To instal mm-ptx use:
pip install mm-ptxThis package has no dependency on NVIDIA CUDA toolkit or other tools beyond nanobind. Stack PTX and PTX Inject are pure header-only C libraries relying only on the C standard library.
For dependencies running the mm-ptx examples see examples/README.md
PTX Inject is a lightweight tool that enables dynamic modification of compiled GPU kernels by injecting custom low-level code (PTX) at user-specified points in annotated CUDA source. This allows for ultra-fast kernel variations and optimizations—ideal for algorithmic tuning, performance testing, or machine-driven experiments—without the overhead of full recompilation using tools like nvcc or nvrtc.
By processing annotated kernels, it extracts register mappings and prepares templates for injection, achieving preparation in milliseconds and supporting tens of thousands of injections per second per CPU core.

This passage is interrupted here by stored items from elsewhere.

lemma crosses_mirror:
  assumes "x < n" "y < n" "z < n" "u < n"
  shows "crosses (mirror n a x) (mirror n a y) (mirror n a z) (mirror n a u) = crosses x y z u"
proof -
  have "crosses (mirror n a x) (mirror n a y) (mirror n a z) (mirror n a u)
      = int_crosses (int a - int x) (int a - int y) (int a - int z) (int a - int u)"
    unfolding mirror_def using assms by (intro crosses_wrap[where w = "int a - int n + 1"]) auto
  also have "\<dots> = crosses x y z u"
    using int_crosses_translate[of "- int x" "int a" "- int y" "- int z" "- int u"]
      int_crosses_uminus[of "int x" "int y" "int z" "int u"]
    by (simp add: crosses_eq_int_crosses)
  finally show ?thesis .
qed

lemma mirror_lt: "0 < n \<Longrightarrow> mirror n a x < n"
  by (simp add: mirror_def wrap_lt)

lemma mirror_image_interval: "mirror n a ` {0..<n} = {0..<n}"
proof
  show "mirror n a ` {0..<n} \<subseteq> {0..<n}" using mirror_lt by fastforce
  show "{0..<n} \<subseteq> mirror n a ` {0..<n}"
  proof
    fix x assume "x \<in> {0..<n}"
    then show "x \<in> mirror n a ` {0..<n}"
      using mirror_mirror[of x n a] mirror_lt[of n a x]
      by (intro image_eqI[of _ _ "mirror n a x"]) auto
  qed
qed

lemma mirror_image_mirror_image: "e \<subseteq> {0..<n} \<Longrightarrow> mirror n a ` mirror n a ` e = e"
  by (force simp: image_image mirror_mirror)

lemma ck_edge_subset: "e \<in> ck_edges n \<Longrightarrow> e \<subseteq> {0..<n}"
  by (auto simp: ck_edges_def)

lemma is_shp_mirror:
  assumes p: "is_shp n p"
  shows "is_shp n (map (mirror n a) p)"
proof -
  have set_p: "set p = {0..<n}" and "distinct p"
    using p by (auto simp: is_shp_def)
  have inj: "inj_on (mirror n a) {0..<n}"
    by (rule inj_on_inverseI[where g = "mirror n a"]) (simp add: mirror_mirror)
  have lt: "p ! i < n" if "i < length p" for i
    using that set_p nth_mem by fastforce
  have "distinct (map (mirror n a) p)"
    using \<open>distinct p\<close> inj set_p by (simp add: distinct_map)
  moreover have "set (map (mirror n a) p) = {0..<n}"
    using set_p mirror_image_interval by simp
  moreover have "\<not> crosses (map (mirror n a) p ! i) (map (mirror n a) p ! (i + 1))
      (map (mirror n a) p ! j) (map (mirror n a) p ! (j + 1))"
    if "i + 1 < length (map (mirror n a) p)" "j + 1 < length (map (mirror n a) p)" for i j
    using p that crosses_mirror lt by (simp add: is_shp_def)
  ultimately show ?thesis
    unfolding is_shp_def by blast
qed

lemma hits_all_shps_mirror:
  assumes "hits_all_shps n B"
  shows "hits_all_shps n ((`) (mirror n a) ` B)"
  unfolding hits_all_shps_def
proof (intro allI impI)
  fix p assume p: "is_shp n p"
  have "path_edges (map (mirror n a) p) \<inter> B \<noteq> {}"
    using assms is_shp_mirror[OF p] unfolding hits_all_shps_def by blast
  then obtain i where i: "i + 1 < length p" and inB: "mirror n a ` {p ! i, p ! (i + 1)} \<in> B"
    unfolding path_edges_def by auto
  have "{p ! i, p ! (i + 1)} \<subseteq> {0..<n}"
    using p i nth_mem by (fastforce simp: is_shp_def)
  then have "{p ! i, p ! (i + 1)} \<in> (`) (mirror n a) ` B"
    using inB mirror_image_mirror_image by (metis image_eqI)
  moreover have "{p ! i, p ! (i + 1)} \<in> path_edges p"
    using i unfolding path_edges_def by auto
  ultimately show "path_edges p \<inter> (`) (mirror n a) ` B \<noteq> {}" by blast
qed

lemma direction_mirror:
  assumes "e \<in> ck_edges n"
  shows "direction n (mirror n a ` e) = wrap n (2 * int a - int (direction n e))"
proof -
  obtain x y where e: "e = {x, y}" "x \<noteq> y" "x < n" "y < n"
    using assms by (auto simp: ck_edges_def)
  then have n: "0 < n" by simp
  have "mirror n a x \<noteq> mirror n a y"
    using e mirror_mirror by metis
  then have "direction n (mirror n a ` e) = wrap n ((int a - int x) + (int a - int y))"
    using e direction_wrap[OF n] by (simp add: mirror_def)
  also have "\<dots> = wrap n (2 * int a - int (wrap n (int x + int y)))"
    by (simp add: wrap_diff_wrap[OF n] algebra_simps)
  also have "wrap n (int x + int y) = direction n e"
    using e by (simp add: direction_def flip: wrap_of_nat)
  finally show ?thesis .
qed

The result is efficient, parallelizable compilation to executable GPU code (SASS) using ptxas or nvPtxCompiler, making it suitable for high-throughput workflows in compute-intensive applications like machine learning or scientific simulations.
Key features:
-
Annotation-Based Injection: Mark sites in CUDA kernels with simple comments
extern "C" __global__ void kernel() { // PTX Inject will give you the PTX Register name/s for these float x = 3.0f; float y = 4.0f; float z; /* PTX_INJECT func in f32 x in f32 y out f32 z */ printf("z: %f\n"); }
-
Register Mapping Extraction: Automatically processes annotations to map CUDA variables to PTX registers, handling multiple site inlining and loop unrolling.
-
High Performance: Prepares templates in ~4ms and supports ~10,000 injections per second per CPU core.
-
Parallel Compilation: Outputs PTX ready for fast compilation to SASS using the PTX Compiler API, with loading times under 1ms.
-
Customizable Data Types: Using Python you can describe the names and types used in the
PTX_INJECTannotation. See ptx_inject_default_types.py. -
No Dependencies: Pure C99 implementation with Python bindings for easy use.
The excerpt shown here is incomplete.